Era ya media tarde para cuando Hugh llegó al pueblo. Se detuvo en la taberna de la posada para reponer fuerzas y preguntar por la dirección de la casa.

Cayó simpático al tabernero, que le contó muchas cosas sobre lady Faville.

—Permitidme que os diga que no era muy popular aquí la primera vez que llegó. Al margen de lo bella que era, no le importaba hacer más difícil la vida de aquellos que dependían de ella. Pero ahora dicen que ha hecho importantes reformas en sus casas y que les ha subido los salarios —continuó detallándole sus otras buenas obras mientras le servía otra jarra de cerveza—. ¿Sois vos amigo suyo?

—Lo soy —respondió Hugh. Tenía intención de ser un fervoroso amigo suyo a partir de aquel momento.

Tras despedirse del tabernero, cabalgó hasta la casa de Dafne. Atravesó la verja y continuó por el camino flanqueado de árboles hasta el gran edificio de arenisca de estilo jacobino que se alzaba al fondo. Cuando llegó a la puerta principal, desmontó e hizo sonar la aldaba.

Toller abrió la puerta.

—¡Señor Westleigh!

Hugh sonrió.

—Toller. Estoy sorprendido y a la vez complacido de verte aquí.

—La señora Toller… lady Faville, quiero decir —sonrió—, me ofreció un puesto.

Otra buena obra.

—¿Está en casa? —preguntó—. ¿Le preguntarás si quiere recibirme?
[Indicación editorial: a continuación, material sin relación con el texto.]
(* Let $P:\mathscr P\to\mathscr T$, $Q:\mathscr Q\to\mathscr T$ and $A:\mathscr T\to\mathscr U$ be morphisms of $\mathscr J$-theories. (1) If $P$ commutes with $Q$, then $A\circ P$ commutes with $A\circ Q$. (2) If $A$ is a subtheory embedding (i.e. its hom-components are monomorphisms in $\mathscr V$) and $A\circ P$ commutes with $A\circ Q$, then $P$ commutes with $Q$.
   Context: $(\mathscr V,\otimes,I)$ is a closed symmetric monoidal category, $\underline{\mathscr V}$ the associated $\mathscr V$-category; everything is $\mathscr V$-enriched. A system of arities is a full sub-$\mathscr V$-category $\mathscr J\hookrightarrow\underline{\mathscr V}$ containing $I$ and closed under $\otimes$. A cotensor $[V,C]$ is an object with counit $V\to\mathscr C([V,C],C)$ inducing $\mathscr C(-,[V,C])\cong\underline{\mathscr V}(V,\mathscr C(-,C))$. A $\mathscr J$-theory is a $\mathscr V$-category $\mathscr T$ with $\mathrm{ob}\,\mathscr T=\mathrm{ob}\,\mathscr J$ and an identity-on-objects $\tau:\mathscr J^{\mathrm{op}}\to\mathscr T$ preserving cotensors by objects of $\mathscr J$; a morphism $(\mathscr T,\tau)\to(\mathscr U,\upsilon)$ is a $\mathscr V$-functor $A$ with $A\tau=\upsilon$. In a theory $(\mathscr T,\tau)$, $J\otimes K$ and $K\otimes J$ are cotensors of $K$ by $J$ with counits $J\xrightarrow{\mathrm{Coev}}\underline{\mathscr V}(K,J\otimes K)=\mathscr J^{\mathrm{op}}(J\otimes K,K)\xrightarrow{\tau}\mathscr T(J\otimes K,K)$ and $J\xrightarrow{\mathrm{Coev}'}\underline{\mathscr V}(K,K\otimes J)\xrightarrow{\tau}\mathscr T(K\otimes J,K)$ ($\mathrm{Coev}'$ = coevaluation composed with symmetry), inducing $\mathscr V$-functors $[J,-]_\ell$ ($K\mapsto J\otimes K$) and $[J,-]_r$ ($K\mapsto K\otimes J$). Kronecker products $\mathsf k,\tilde{\mathsf k}:\mathscr T(J,J')\otimes\mathscr T(K,K')\to\mathscr T(J\otimes K,J'\otimes K')$ are composition after $[K,-]_r\otimes[J',-]_\ell$ (into $\mathscr T(J\otimes K,J'\otimes K)\otimes\mathscr T(J'\otimes K,J'\otimes K')$), resp. after $[K',-]_r\otimes[J,-]_\ell$ (into $\mathscr T(J\otimes K',J'\otimes K')\otimes\mathscr T(J\otimes K,J\otimes K')$). Morphisms of theories $P:\mathscr P\to\mathscr T$, $Q:\mathscr Q\to\mathscr T$ commute if $\mathsf k\cdot(P_{JJ'}\otimes Q_{KK'})=\tilde{\mathsf k}\cdot(P_{JJ'}\otimes Q_{KK'})$ in $\mathscr T$ for all $J,J',K,K'\in\mathscr J$. *)

theory Defs
  imports Main
begin

section \<open>Closed symmetric monoidal categories (the base \<V>)\<close>

record ('o,'m) vbase =
  Ob  :: "'o set"
  Ar  :: "'m set"
  Dom :: "'m \<Rightarrow> 'o"
  Cod :: "'m \<Rightarrow> 'o"
  Cmp :: "'m \<Rightarrow> 'm \<Rightarrow> 'm"          (* Cmp g f = g \<circ> f *)
  Idt :: "'o \<Rightarrow> 'm"
  Tob :: "'o \<Rightarrow> 'o \<Rightarrow> 'o"
  Tar :: "'m \<Rightarrow> 'm \<Rightarrow> 'm"
  Unt :: "'o"
  Asc :: "'o \<Rightarrow> 'o \<Rightarrow> 'o \<Rightarrow> 'm"    (* (X\<otimes>Y)\<otimes>Z \<rightarrow> X\<otimes>(Y\<otimes>Z) *)
  Lu  :: "'o \<Rightarrow> 'm"                 (* I\<otimes>X \<rightarrow> X *)
  Ru  :: "'o \<Rightarrow> 'm"                 (* X\<otimes>I \<rightarrow> X *)
  Sy  :: "'o \<Rightarrow> 'o \<Rightarrow> 'm"           (* X\<otimes>Y \<rightarrow> Y\<otimes>X *)
  Ih  :: "'o \<Rightarrow> 'o \<Rightarrow> 'o"           (* internal hom [Y,Z] *)
  Ev  :: "'o \<Rightarrow> 'o \<Rightarrow> 'm"           (* [Y,Z]\<otimes>Y \<rightarrow> Z *)

definition hom :: "('o,'m,'x) vbase_scheme \<Rightarrow> 'm \<Rightarrow> 'o \<Rightarrow> 'o \<Rightarrow> bool" where
  "hom V f X Y \<longleftrightarrow> f \<in> Ar V \<and> Dom V f = X \<and> Cod V f = Y"

definition iso_in :: "('o,'m,'x) vbase_scheme \<Rightarrow> 'm \<Rightarrow> bool" where
  "iso_in V f \<longleftrightarrow> f \<in> Ar V \<and> (\<exists>g. hom V g (Cod V f) (Dom V f) \<and>
      Cmp V g f = Idt V (Dom V f) \<and> Cmp V f g = Idt V (Cod V f))"

definition mono_in :: "('o,'m,'x) vbase_scheme \<Rightarrow> 'm \<Rightarrow> bool" where
  "mono_in V m \<longleftrightarrow> m \<in> Ar V \<and> (\<forall>f g. f \<in> Ar V \<and> g \<in> Ar V \<and> Dom V f = Dom V g \<and>
      Cod V f = Dom V m \<and> Cod V g = Dom V m \<and> Cmp V m f = Cmp V m g \<longrightarrow> f = g)"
Pero Toller negó con la cabeza.

—Está fuera, visitando a los arrendatarios, creo. Podréis esperarla en el salón.

No podría soportar la espera.

—Podría ir a buscarla a donde estuviera…

—¿Y sorprenderla? —Toller le indicó cómo llegar a las casas de los arrendatarios.

Hugh volvió a montar en su caballo, con la esperanza de no tardar mucho en encontrarla.

 

 

La divisó de lejos, sin saber de cierto en un principio si era ella. Llevaba un vestido tan sencillo que habría podido pertenecer a cualquiera de sus trabajadoras. Ataviada con un delantal blanco, portaba una gran cesta. Su rostro quedaba oculto por las anchas alas de su sombrero de paja. Se acercó lentamente e identificó el momento exacto en que ella lo reconoció.

Desmontó.

—¿Reconoces el caballo?

—Sí —acarició la cabeza del animal.

La suave luz de la tarde iluminaba su rostro, coloreándolo. El azul de sus ojos rivalizaba con el del cielo. Nunca la había visto tan bella.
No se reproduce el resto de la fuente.